DEC: Decitabine, AZA: Azacitidine, HMAs: Hypomethylating agents; MOS: Median overall survival, ORR: Overall Response Rate, CR: Complete Remission, CRi: CR with incomplete count recovery, PR: Partial Remission; HI: Haematologic Improvement; PD: Progress Disease; HDAC: High Dose Ara-c; LDAC: Low Dose Ara-c; NR: not reach; NA: not available.

Response to HMAs plus venetoclax vs HMAs alone in MPN-AP/BP

The pooled ORR was higher with HMAs plus venetoclax (47%, 95% CI: 37–57%; I²=18%) than with HMA monotherapy (30%, 95% CI: 22–39%; I²=61%), but the difference was not statistically significant in meta-regression analysis (p = .0637; Figure 2(a)). CR/CRi rates were reported by six studies of HMAs plus venetoclax therapy. The pooled CR/CRi rate was 36% (95% CI: 27–46%; I²=0%) for HMAs plus venetoclax and 19% (95% CI: 12–27%; I²=61%) for HMA monotherapy, with the difference reaching statistical significance in meta-regression analysis (p = .0204; Figure 2(b)).

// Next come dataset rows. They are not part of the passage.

lemma orbit_join_in_Un_e:
  fixes x y :: "nat \<Rightarrow> 'a::field"
  assumes x: "x \<in> affpts (Suc n)" "x \<noteq> (\<lambda>_. 0)"
    and y: "y \<in> affpts (Suc n)" "y \<noteq> (\<lambda>_. 0)"
  shows "orbit (ww e n) (join n x y) \<in> Un_e e n"
proof -
  have "orbit (ww e n) (join n x y) \<in> WP (ww e n) (2*n+2)"
    unfolding WP_def using join_affpts[OF x(1) y(1)] join_nonzero[OF x] by blast
  moreover have "first_part n z \<noteq> (\<lambda>_. 0) \<and> second_part n z \<noteq> (\<lambda>_. 0)"
    if z: "z \<in> orbit (ww e n) (join n x y)" for z
  proof -
    obtain t :: 'a where t: "t \<noteq> 0" "z = join n (\<lambda>i. t ^ e i * x i) (\<lambda>i. t ^ e i * y i)"
      using z by (rule orbit_join_memE)
    have tx: "(\<lambda>i. t ^ e i * x i) \<in> orbit e x" and ty: "(\<lambda>i. t ^ e i * y i) \<in> orbit e y"
      using t(1) scaled_in_orbit by auto
    show ?thesis
      using t(2) first_part_join[OF orbit_affpts[OF tx x(1)]]
        second_part_join[OF orbit_affpts[OF ty y(1)]]
        orbit_nonzero[OF tx x(2)] orbit_nonzero[OF ty y(2)] by simp
  qed
  ultimately show ?thesis
    unfolding Un_e_def by blast
qed

lemma Un_eE:
  assumes "R \<in> Un_e e n"
  obtains x y :: "nat \<Rightarrow> 'a::field"
  where "x \<in> affpts (Suc n)" "x \<noteq> (\<lambda>_. 0)" "y \<in> affpts (Suc n)" "y \<noteq> (\<lambda>_. 0)"
    and "R = orbit (ww e n) (join n x y)"
proof -
  have R: "R \<in> WP (ww e n) (2*n+2)"
    using assms unfolding Un_e_def by blast
  then obtain z where "z \<in> R"
    using WP_ex_mem by blast
  then have "R = orbit (ww e n) z" "z \<in> affpts (2*n+2)"
    "first_part n z \<noteq> (\<lambda>_. 0)" "second_part n z \<noteq> (\<lambda>_. 0)"
    using WP_memD[OF R] assms unfolding Un_e_def by auto
  then show ?thesis
    using that first_part_affpts second_part_affpts join_first_second_part by metis
qed

lemma pi_e_orbit_join:
  fixes x y :: "nat \<Rightarrow> 'a::field"
  assumes x: "x \<in> affpts (Suc n)" and y: "y \<in> affpts (Suc n)"
  shows "pi_e e n (orbit (ww e n) (join n x y)) = (orbit e x, orbit e y)"
proof -
  define z where "z = (SOME z. z \<in> orbit (ww e n) (join n x y))"
  have "z \<in> orbit (ww e n) (join n x y)"
    unfolding z_def by (rule someI[of _ "join n x y"]) (rule self_in_orbit)
  then obtain t :: 'a where t: "t \<noteq> 0" "z = join n (\<lambda>i. t ^ e i * x i) (\<lambda>i. t ^ e i * y i)"
    by (rule orbit_join_memE)
  have tx: "(\<lambda>i. t ^ e i * x i) \<in> orbit e x" and ty: "(\<lambda>i. t ^ e i * y i) \<in> orbit e y"
    using t(1) scaled_in_orbit by auto
  have "first_part n z = (\<lambda>i. t ^ e i * x i)" "second_part n z = (\<lambda>i. t ^ e i * y i)"
    using t(2) first_part_join[OF orbit_affpts[OF tx x]] second_part_join[OF orbit_affpts[OF ty y]]
    by simp_all
  then show ?thesis
    unfolding pi_e_def Let_def z_def[symmetric] using orbit_eq[OF tx] orbit_eq[OF ty] by simp
qed

lemma pi_e_image_subset:
  "pi_e e n ` Un_e e n \<subseteq> WP e (Suc n) \<times> (WP e (Suc n) :: (nat \<Rightarrow> 'a::field) set set)"
proof
  fix PQ assume "PQ \<in> pi_e e n ` (Un_e e n :: (nat \<Rightarrow> 'a) set set)"
  then obtain R where "R \<in> Un_e e n" "PQ = pi_e e n R"
    by blast
  then obtain x y :: "nat \<Rightarrow> 'a" where "x \<in> affpts (Suc n)" "x \<noteq> (\<lambda>_. 0)"
    "y \<in> affpts (Suc n)" "y \<noteq> (\<lambda>_. 0)" "PQ = (orbit e x, orbit e y)"
    by (metis Un_eE pi_e_orbit_join)
  then show "PQ \<in> WP e (Suc n) \<times> WP e (Suc n)"
    unfolding WP_def by blast
qed
lemma zm_eqI:
  assumes x: "x \<in> zm m" and y: "y \<in> zm m" and xy: "\<And>h. \<bar>m\<bar> ^ h dvd x (h + k) - y (h + k)"
  shows "x = y"
proof
  fix h
  have "x h - y h = (x (h + k) - y (h + k)) - (x (h + k) - x h) + (y (h + k) - y h)"
    by simp
  moreover have "\<bar>m\<bar> ^ h dvd (x (h + k) - y (h + k)) - (x (h + k) - x h) + (y (h + k) - y h)"
    using xy zm_pow_dvd_diff[OF x, of h "h + k"] zm_pow_dvd_diff[OF y, of h "h + k"]
    by (metis dvd_add dvd_diff le_add1)
  ultimately have "x h mod \<bar>m\<bar> ^ h = y h mod \<bar>m\<bar> ^ h" by (simp add: mod_eq_dvd_iff)
  then show "x h = y h" using zm_bounds[OF x, of h] zm_bounds[OF y, of h] by simp
qed

lemma mod_pow_Suc_mod: "(a::int) mod \<bar>m\<bar> ^ Suc h mod \<bar>m\<bar> ^ h = a mod \<bar>m\<bar> ^ h"
  by (rule mod_mod_cancel, rule le_imp_power_dvd, simp)

lemma zm_add_apply: "zm_add m x y h = (x h + y h) mod \<bar>m\<bar> ^ h"
  by (simp add: zm_add_def)

lemma zm_mul_apply: "zm_mul m x y h = (x h * y h) mod \<bar>m\<bar> ^ h"
  by (simp add: zm_mul_def)

lemma zm_of_int_apply: "zm_of_int m n h = n mod \<bar>m\<bar> ^ h"
  by (simp add: zm_of_int_def)

lemmas zm_apply = zm_add_apply zm_mul_apply zm_of_int_apply

lemma zm_add_closed:
  assumes "m \<noteq> 0" "x \<in> zm m" "y \<in> zm m"
  shows "zm_add m x y \<in> zm m"
  unfolding zm_def zm_add_def
proof (intro CollectI allI conjI)
  fix h
  show "0 \<le> (x h + y h) mod \<bar>m\<bar> ^ h" "(x h + y h) mod \<bar>m\<bar> ^ h < \<bar>m\<bar> ^ h"
    using assms(1) by auto
  show "(x (Suc h) + y (Suc h)) mod \<bar>m\<bar> ^ Suc h mod \<bar>m\<bar> ^ h = (x h + y h) mod \<bar>m\<bar> ^ h"
    unfolding mod_pow_Suc_mod
    using zm_mod_pow[OF assms(2), of h "Suc h"] zm_mod_pow[OF assms(3), of h "Suc h"]
    by (metis le_SucI order_refl mod_add_eq)
qed

lemma zm_mul_closed:
  assumes "m \<noteq> 0" "x \<in> zm m" "y \<in> zm m"
  shows "zm_mul m x y \<in> zm m"
  unfolding zm_def zm_mul_def
proof (intro CollectI allI conjI)
  fix h
  show "0 \<le> (x h * y h) mod \<bar>m\<bar> ^ h" "(x h * y h) mod \<bar>m\<bar> ^ h < \<bar>m\<bar> ^ h"
    using assms(1) by auto
  show "(x (Suc h) * y (Suc h)) mod \<bar>m\<bar> ^ Suc h mod \<bar>m\<bar> ^ h = (x h * y h) mod \<bar>m\<bar> ^ h"
    unfolding mod_pow_Suc_mod
    using zm_mod_pow[OF assms(2), of h "Suc h"] zm_mod_pow[OF assms(3), of h "Suc h"]
    by (metis le_SucI order_refl mod_mult_eq)
qed

lemma zm_of_int_closed: "m \<noteq> 0 \<Longrightarrow> zm_of_int m n \<in> zm m"
  by (auto simp: zm_def zm_of_int_def mod_mod_cancel le_imp_power_dvd)

text \<open>The concrete representative of \<open>s\<^sub>i(\<xi>)\<close>: its \<open>h\<close>-th component is computed from the
  truncation \<open>\<xi>\<^sub>h\<^sub>+\<^sub>i\<close>, which is where \<open>int_s\<close> is determined modulo \<open>|m|\<^sup>h\<close>.\<close>
definition zm_s :: "int \<Rightarrow> nat \<Rightarrow> (nat \<Rightarrow> int) \<Rightarrow> (nat \<Rightarrow> int)" where
  "zm_s m i \<xi> = (\<lambda>h. int_s m (\<xi> (h + i)) i mod \<bar>m\<bar> ^ h)"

PR rates were reported by four studies on HMAs plus venetoclax combination therapy. The pooled PR rate was 12% (95% CI: 6–20%; I²=0%) for HMAs plus venetoclax and 13% (95% CI: 9–19%; I²=26%) for HMA monotherapy; the difference was not statistically significant in meta-regression analysis (p = .8577; Figure 2(c)).

Figure 2. The pooled ORR (a), CR/CRi (b) and PR (c) rates of HMAs plus venetoclax vs HMAs alone in patients with MPN-AP/BP.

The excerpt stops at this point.